American artist & illustrator (1917–1979)

James Lewicki (December 13, 1917 – December 12, 1979) was a 20th-century American artist and illustrator who worked for many of the magazines of his day and extensively for Life magazine. His book illustrations include The Life Treasury of American Folklore, The World We Live In (Life magazine), The Golden Bough written by Sir James Frazer and published by the Limited Editions Club (see The Heritage Press) and The Golden Book of Christmas Tales, written by his wife, Lillian. Lewicki also explored the Christmas theme in magazines and created cards for the American Artists Group.

==Life and works==

===Life history===
Lewicki, the second child of Ukrainian immigrants was born on December 13, 1917, in Buffalo, New York, to Max and Alexandra Lewicki. His teachers recognized his talent from an early age and he went on to attend Buffalo Technical High School, the Albright–Knox Art Gallery, the Art School of the Detroit Society of Arts and Crafts (now College for Creative Studies), and Pratt Institute, where he graduated in illustration in 1939.

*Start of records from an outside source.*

(* Let $\mu$ be a Borel probability measure on $\mathbb{R}^d$ and $u\in\mathbb{R}^d$. Let $\{\theta_k\}_{k\in\mathbb{N}}\subset(0,\pi/2)$ and $\{v_k\}_{k\in\mathbb{N}}\subset\mathcal{S}^{d-1}$ satisfy $\theta_k\to0^+$ and $v_k\to v$ as $k\to\infty$. Then $$\limsup_{k\to\infty}\mu(\mathcal{A}_{u,v_k,\theta_k})\leq\mu(\{y:\langle y-u,v\rangle\geq0\}).$$
   Context: For $u\in\mathbb{R}^d$, $e\in\mathcal{S}^{d-1}$, $\theta\in(0,\pi/2)$: $\mathcal{A}_{u,e,\theta}=\{y\in\mathbb{R}^d:\langle u-y,e\rangle\leq\|u-y\|\,|\sin\theta|/(1-\sin^2\theta)^{1/2}\}$. *)

theory Defs
  imports "HOL-Probability.Probability"
begin

definition coneA :: "'a::euclidean_space \<Rightarrow> 'a \<Rightarrow> real \<Rightarrow> 'a set" where
  "coneA u e \<theta> = {y. inner (u - y) e \<le> norm (u - y) * \<bar>sin \<theta>\<bar> / sqrt (1 - (sin \<theta>)\<^sup>2)}"

end

theory Submission
  imports Defs
begin

text \<open>The slope \<open>|sin \<theta>| / (1 - sin\<^sup>2 \<theta>)\<^sup>1\<^sup>/\<^sup>2\<close> is \<open>|tan \<theta>|\<close>, which tends to \<open>0\<close>. So a point lying in
  infinitely many of the cones satisfies \<open>\<langle>u - y, v\<^sub>k\<rangle> \<le> |u - y| |tan \<theta>\<^sub>k|\<close> for infinitely many \<open>k\<close>,
  hence \<open>\<langle>u - y, v\<rangle> \<le> 0\<close> in the limit: the set-theoretic limsup of the cones lies in the
  closed half-space. The reverse Fatou inequality for a finite measure finishes the proof.\<close>

lemma coneA_eq_tan: "coneA u e \<theta> = {y. inner (u - y) e \<le> norm (u - y) * \<bar>tan \<theta>\<bar>}"
proof -
  have "\<bar>sin \<theta>\<bar> / sqrt (1 - (sin \<theta>)\<^sup>2) = \<bar>tan \<theta>\<bar>"
    by (simp add: tan_def abs_divide flip: cos_squared_eq)
  then show ?thesis
    unfolding coneA_def by (metis times_divide_eq_right)
qed

lemma closed_coneA: "closed (coneA u e \<theta>)"
  unfolding coneA_eq_tan by (intro closed_Collect_le continuous_intros)

lemma limsup_coneA_subset_halfspace:
  assumes "\<theta> \<longlonglongrightarrow> 0" and "vs \<longlonglongrightarrow> v"
  shows "limsup (\<lambda>k. coneA u (vs k) (\<theta> k)) \<subseteq> {y. inner (y - u) v \<ge> 0}"
proof
  fix y assume y: "y \<in> limsup (\<lambda>k. coneA u (vs k) (\<theta> k))"
  show "y \<in> {y. inner (y - u) v \<ge> 0}"
  proof (rule ccontr)
    assume "y \<notin> {y. inner (y - u) v \<ge> 0}"
    then have pos: "inner (u - y) v > 0"
      by (simp add: inner_diff_left)
    have "(\<lambda>k. tan (\<theta> k)) \<longlonglongrightarrow> tan 0"
      using isCont_tendsto_compose[OF isCont_tan assms(1)] by simp
    then have "(\<lambda>k. inner (u - y) (vs k) - norm (u - y) * \<bar>tan (\<theta> k)\<bar>)
            \<longlonglongrightarrow> inner (u - y) v - norm (u - y) * \<bar>tan 0\<bar>"
      by (intro tendsto_intros assms)
    then have "eventually (\<lambda>k. inner (u - y) (vs k) > norm (u - y) * \<bar>tan (\<theta> k)\<bar>) sequentially"
      using pos by (auto dest: order_tendstoD(1))
    then obtain N where N: "\<And>k. k \<ge> N \<Longrightarrow> y \<notin> coneA u (vs k) (\<theta> k)"
      unfolding eventually_sequentially coneA_eq_tan by (auto simp: not_le)
    from y obtain k where "k \<ge> N" "y \<in> coneA u (vs k) (\<theta> k)"
      by (auto simp: limsup_INF_SUP)
    with N show False by blast
  qed
qed

lemma (in finite_measure) limsup_measure_le_measure_limsup:
  assumes "range A \<subseteq> sets M"
  shows "limsup (\<lambda>k. ereal (measure M (A k))) \<le> ereal (measure M (limsup A))"
proof -
  define B where "B n = (\<Union>k\<in>{n..}. A k)" for n
  have B_sets: "B n \<in> sets M" for n
    using assms unfolding B_def by blast
  have "decseq B"
    unfolding B_def decseq_def by (auto intro: order_trans)
  then have "(\<lambda>n. measure M (B n)) \<longlonglongrightarrow> measure M (\<Inter>n. B n)"
    using B_sets by (intro finite_Lim_measure_decseq) auto
  moreover have "(\<Inter>n. B n) = limsup A"
    by (simp add: B_def limsup_INF_SUP)
  ultimately have "limsup (\<lambda>n. ereal (measure M (B n))) = ereal (measure M (limsup A))"
    by (intro lim_imp_Limsup) auto
  moreover have "limsup (\<lambda>k. ereal (measure M (A k))) \<le> limsup (\<lambda>n. ereal (measure M (B n)))"
    using assms B_sets
    by (intro Limsup_mono always_eventually allI) (auto simp: B_def intro!: finite_measure_mono)
  ultimately show ?thesis
    by simp
qed

theorem mainTheorem6:
  fixes M :: "'a::euclidean_space measure" and u v :: 'a
    and \<theta> :: "nat \<Rightarrow> real" and vs :: "nat \<Rightarrow> 'a"
  assumes "prob_space M" and "sets M = sets borel"
    and "\<And>k. 0 < \<theta> k \<and> \<theta> k < pi / 2"
    and "\<And>k. vs k \<in> sphere 0 1"
    and "\<theta> \<longlonglongrightarrow> 0" and "vs \<longlonglongrightarrow> v"
  shows "limsup (\<lambda>k. ereal (measure M (coneA u (vs k) (\<theta> k))))
           \<le> ereal (measure M {y. inner (y - u) v \<ge> 0})"
proof -
  interpret prob_space M by fact
  have cones_sets: "range (\<lambda>k. coneA u (vs k) (\<theta> k)) \<subseteq> sets M"
    using assms(2) borel_closed[OF closed_coneA] by auto
  have "closed {y. inner (y - u) v \<ge> 0}"
    by (intro closed_Collect_le continuous_intros)
  then have halfspace_sets: "{y. inner (y - u) v \<ge> 0} \<in> sets M"
    using assms(2) by simp
  have "limsup (\<lambda>k. ereal (measure M (coneA u (vs k) (\<theta> k))))
          \<le> ereal (measure M (limsup (\<lambda>k. coneA u (vs k) (\<theta> k))))"
    using cones_sets by (rule limsup_measure_le_measure_limsup)
  also have "\<dots> \<le> ereal (measure M {y. inner (y - u) v \<ge> 0})"
    using limsup_coneA_subset_halfspace[OF assms(5,6)] halfspace_sets
    by (auto intro!: finite_measure_mono)
  finally show ?thesis .
qed

end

He married Lillian Schalow in 1943, also an illustration major at Pratt Institute, who partnered with him on many projects throughout his career as researcher, draftsman, studio assistant and secretary. They had two children, Roy Lewicki and Lisa Lewicki Hermanson. First living in Brooklyn, then Hollis, New York, they moved to Centerport, New York (on Long Island) in 1952, where they built a house and studio.

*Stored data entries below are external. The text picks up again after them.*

(* Let $p_1,\dots,p_n$ be distinct primes with $p_1\equiv 3\pmod 8$ and $p_i\equiv 5\pmod 8$ for $2\leq i\leq n$; put $d_1=4p_1$, $d_i=p_i$ for $2\leq i\leq n$, and $D=d_1\cdots d_n=4p_1\cdots p_n$. Let \[\mathcal{G}=\{a\in\mathbb{Z}: 1\leq a\leq D,\ \chi_{d_i}(a)=1\text{ for all }1\leq i\leq n\}\] and $\mathfrak{t}_1=\sum_{a\in\mathcal{G}}a^2$. Then $\mathfrak{t}_1\equiv 2^n\mathfrak{y}\pmod{16}$ for some odd integer $\mathfrak{y}$. In particular, if $n\geq 4$ then $v(\mathfrak{t}_1)\geq 4$.
   Context: For a positive integer $M$, $\chi_M(a)=\left(\frac{M}{a}\right)$ denotes the Kronecker–Jacobi symbol. $v$ denotes the $2$-adic valuation on $\mathbb{Q}$ normalized by $v(2)=1$. *)

theory Defs
  imports "HOL-Number_Theory.Number_Theory"
begin

definition kron_prime :: "int \<Rightarrow> int \<Rightarrow> int" where
  "kron_prime M p =
     (if p = 2 then (if even M then 0 else if M mod 8 = 1 \<or> M mod 8 = 7 then 1 else -1)
      else Legendre M p)"

definition kronecker :: "int \<Rightarrow> int \<Rightarrow> int" where
  "kronecker M a =
     (if a = 0 then (if \<bar>M\<bar> = 1 then 1 else 0)
      else (if a < 0 \<and> M < 0 then -1 else 1) *
        (\<Prod>p\<in>prime_factors \<bar>a\<bar>. kron_prime M p ^ multiplicity p \<bar>a\<bar>))"

end

(*
  For a > 0, quadratic reciprocity turns the conditions chi_{d_i}(a) = 1 into conditions on
  Legendre symbols (a/p_i) and on a mod 4, all periodic modulo D.  By the Chinese remainder
  theorem, G therefore has (p_1 - 1) * prod_{i >= 2} (p_i - 1)/2 elements, which is 2^n times an
  odd number because p_1 = 3 and p_i = 5 (mod 8).  Since (-1/p_1) = -1 = chi_{-4}(-1) and
  (-1/p_i) = 1, the set G is invariant under a |-> D - a; as D = 4 (mod 8) and a is odd, each
  pair contributes a^2 + (D - a)^2 = 10 (mod 16), so t_1 = 5 |G| (mod 16).
*)
theory Submission
  imports Defs
begin

lemma euler_criterion_int:
  fixes p :: int
  assumes "prime p" "p > 2"
  shows "[Legendre a p = a ^ nat ((p - 1) div 2)] (mod p)"
proof -
  have "prime (nat p)" "2 < nat p" using assms by auto
  from euler_criterion[OF this, of a]
  have "[Legendre a (int (nat p)) = a ^ ((nat p - 1) div 2)] (mod int (nat p))" .
  moreover have "(nat p - 1) div 2 = nat ((p - 1) div 2)"
    using assms by (simp add: nat_div_distrib nat_diff_distrib)
  ultimately show ?thesis using assms by simp
qed

lemma Legendre_cases: "Legendre a p \<in> {-1, 0, 1}"
  by (auto simp: Legendre_def)

lemma Legendre_eq_0_iff: "Legendre a p = 0 \<longleftrightarrow> p dvd a"
  by (auto simp: Legendre_def cong_0_iff)

lemma Legendre_square:
  fixes p :: int
  assumes "prime p" "\<not> p dvd y"
  shows "Legendre (y\<^sup>2) p = 1"
proof -
  have "\<not> p dvd y\<^sup>2" using assms prime_dvd_power_iff[OF assms(1), of 2] by simp
  moreover have "QuadRes p (y\<^sup>2)" unfolding QuadRes_def by (blast intro: cong_refl)
  ultimately show ?thesis by (simp add: Legendre_def cong_0_iff)
qed

lemma Legendre_cong:
  assumes "[a = b] (mod p)"
  shows "Legendre a p = Legendre b p"
proof -
  have "QuadRes p a = QuadRes p b"
    unfolding QuadRes_def using assms by (meson cong_sym cong_trans)
  moreover have "[a = 0] (mod p) = [b = 0] (mod p)"
    using assms by (meson cong_sym cong_trans)
  ultimately show ?thesis by (simp add: Legendre_def)
qed

lemma Legendre_mod [simp]: "Legendre (a mod p) p = Legendre a p"
  by (rule Legendre_cong) (simp add: cong_def)

lemma cong_sign_values_imp_eq:
  fixes p x y :: int
  assumes "p > 2" "x \<in> {-1, 0, 1}" "y \<in> {-1, 0, 1}" "[x = y] (mod p)"
  shows "x = y"
proof (rule ccontr)
  assume "x \<noteq> y"
  have "p dvd x - y" using assms(4) by (simp add: cong_iff_dvd_diff)
  then have "\<bar>p\<bar> \<le> \<bar>x - y\<bar>" using \<open>x \<noteq> y\<close> dvd_imp_le_int by simp
  moreover have "\<bar>x - y\<bar> \<le> 2" using assms(2,3) by auto
  ultimately show False using assms(1) by simp
qed

lemma Legendre_mult:
  fixes p :: int
  assumes "prime p" "p > 2"
  shows "Legendre (a * b) p = Legendre a p * Legendre b p"
proof (rule cong_sign_values_imp_eq[OF assms(2) Legendre_cases])
  let ?h = "nat ((p - 1) div 2)"
  show "Legendre a p * Legendre b p \<in> {-1, 0, 1}"
    using Legendre_cases[of a p] Legendre_cases[of b p] by auto
  have "[Legendre (a * b) p = a ^ ?h * b ^ ?h] (mod p)"
    using euler_criterion_int[OF assms, of "a * b"] by (simp add: power_mult_distrib)
  moreover have "[Legendre a p * Legendre b p = a ^ ?h * b ^ ?h] (mod p)"
    using euler_criterion_int[OF assms, of a] euler_criterion_int[OF assms, of b]
    by (rule cong_mult)
  ultimately show "[Legendre (a * b) p = Legendre a p * Legendre b p] (mod p)"
    by (meson cong_sym cong_trans)
qed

As an illustrator, Lewicki was always looking for a story to turn into pictures, and that included tapping personal experience. In 1952 he sold Life Goes Camping with the Lewickis to Life magazine, and in the 1970s wrote and illustrated The Territory for Yankee (magazine), based on his experiences with a cherished vacation home in the woods of northern Vermont.

When not working on illustration assignments, Lewicki enjoyed painting landscapes and sketching outdoors. He worked in watercolor up to the 1960s and later in acrylics. He exhibited annually with Audubon Artists and the American Watercolor Society and was a member of these two groups as well as Rotary International and the Society of Illustrators. Later, he did a series of graphite and pen drawings, as well as mixed media works in collage. Printmaking also became an outlet, producing etchings, monoprints, and working in dry lithography, a "green" process invented by his C.W. Post colleague, Harry Hoehn.

During the 1960s and 1970s, Lewicki switched gears and became a professor, sharing his expertise with both graduate and undergraduate students in the Fine Arts Department of LIU Post (formerly known as the C.W. Post Campus of Long Island University).

==Illustration career==

===Early assignments===
Lewicki completed his first book project while still at Pratt in 1939; From Village to Metropolis by R.W. Swan, a pictorial history of New York City from its early days as a Dutch settlement up through modern times.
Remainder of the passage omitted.